Return each record shown below exactly, with none omitted.

(Stored items)
--- START ---
(* Let $\lambda\in\Lambda$ (single-hop). For every $q\in\mathbb R_+^N$ and every $\kappa>0$, $\Delta(\kappa q)=\kappa\,\Delta(q)$.
   Context: Single-hop network with $N$ queues and finite $\mathcal S\subset\mathbb R_+^N$. $f:\mathbb R_+\to\mathbb R_+$ is differentiable, strictly increasing, $f(0)=0$, applied componentwise, and satisfies: for all $q\in\mathbb R_+^N$, $\pi\in\mathcal S$, if $\pi\cdot f(q)=\max_{\rho\in\mathcal S}\rho\cdot f(q)$ then $\pi\cdot f(\kappa q)=\max_{\rho\in\mathcal S}\rho\cdot f(\kappa q)$ for all $\kappa\ge0$. $L(q)=\sum_n\int_0^{q_n}f$. $\langle\mathcal S\rangle$ convex hull; $\Lambda=\{\lambda\in\mathbb R_+^N:\lambda\le\sigma$ for some $\sigma\in\langle\mathcal S\rangle\}$. $E$ = extreme points of $\{\xi\in\mathbb R_+^N:\max_\pi\xi\cdot\pi\le1\}$, $\mathcal S^*$ maximal elements of $E$, $\Xi(\lambda)=\{\xi\in\mathcal S^*:\xi\cdot\lambda=1\}$. $\Delta(q)$ is the unique minimizer of $L(r)$ over $r\in\mathbb R_+^N$ subject to $\xi\cdot r\ge\xi\cdot q$ for all $\xi\in\Xi(\lambda)$ and $r_n\le q_n$ for all $n$ with $\lambda_n=0$. *)

theory Defs
  imports "HOL-Analysis.Analysis"
begin

definition nonneg_vec :: "real^'n \<Rightarrow> bool" where
  "nonneg_vec x \<longleftrightarrow> (\<forall>i. 0 \<le> x $ i)"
--- END ---
» Exercise result
(* Let $\lambda\in\Lambda$ (single-hop). For every $q\in\mathbb R_+^N$ and every $\kappa>0$, $\Delta(\kappa q)=\kappa\,\Delta(q)$.
   Context: Single-hop network with $N$ queues and finite $\mathcal S\subset\mathbb R_+^N$. $f:\mathbb R_+\to\mathbb R_+$ is differentiable, strictly increasing, $f(0)=0$, applied componentwise, and satisfies: for all $q\in\mathbb R_+^N$, $\pi\in\mathcal S$, if $\pi\cdot f(q)=\max_{\rho\in\mathcal S}\rho\cdot f(q)$ then $\pi\cdot f(\kappa q)=\max_{\rho\in\mathcal S}\rho\cdot f(\kappa q)$ for all $\kappa\ge0$. $L(q)=\sum_n\int_0^{q_n}f$. $\langle\mathcal S\rangle$ convex hull; $\Lambda=\{\lambda\in\mathbb R_+^N:\lambda\le\sigma$ for some $\sigma\in\langle\mathcal S\rangle\}$. $E$ = extreme points of $\{\xi\in\mathbb R_+^N:\max_\pi\xi\cdot\pi\le1\}$, $\mathcal S^*$ maximal elements of $E$, $\Xi(\lambda)=\{\xi\in\mathcal S^*:\xi\cdot\lambda=1\}$. $\Delta(q)$ is the unique minimizer of $L(r)$ over $r\in\mathbb R_+^N$ subject to $\xi\cdot r\ge\xi\cdot q$ for all $\xi\in\Xi(\lambda)$ and $r_n\le q_n$ for all $n$ with $\lambda_n=0$. *)

theory Defs
  imports "HOL-Analysis.Analysis"
begin

definition nonneg_vec :: "real^'n \<Rightarrow> bool" where
  "nonneg_vec x \<longleftrightarrow> (\<forall>i. 0 \<le> x $ i)"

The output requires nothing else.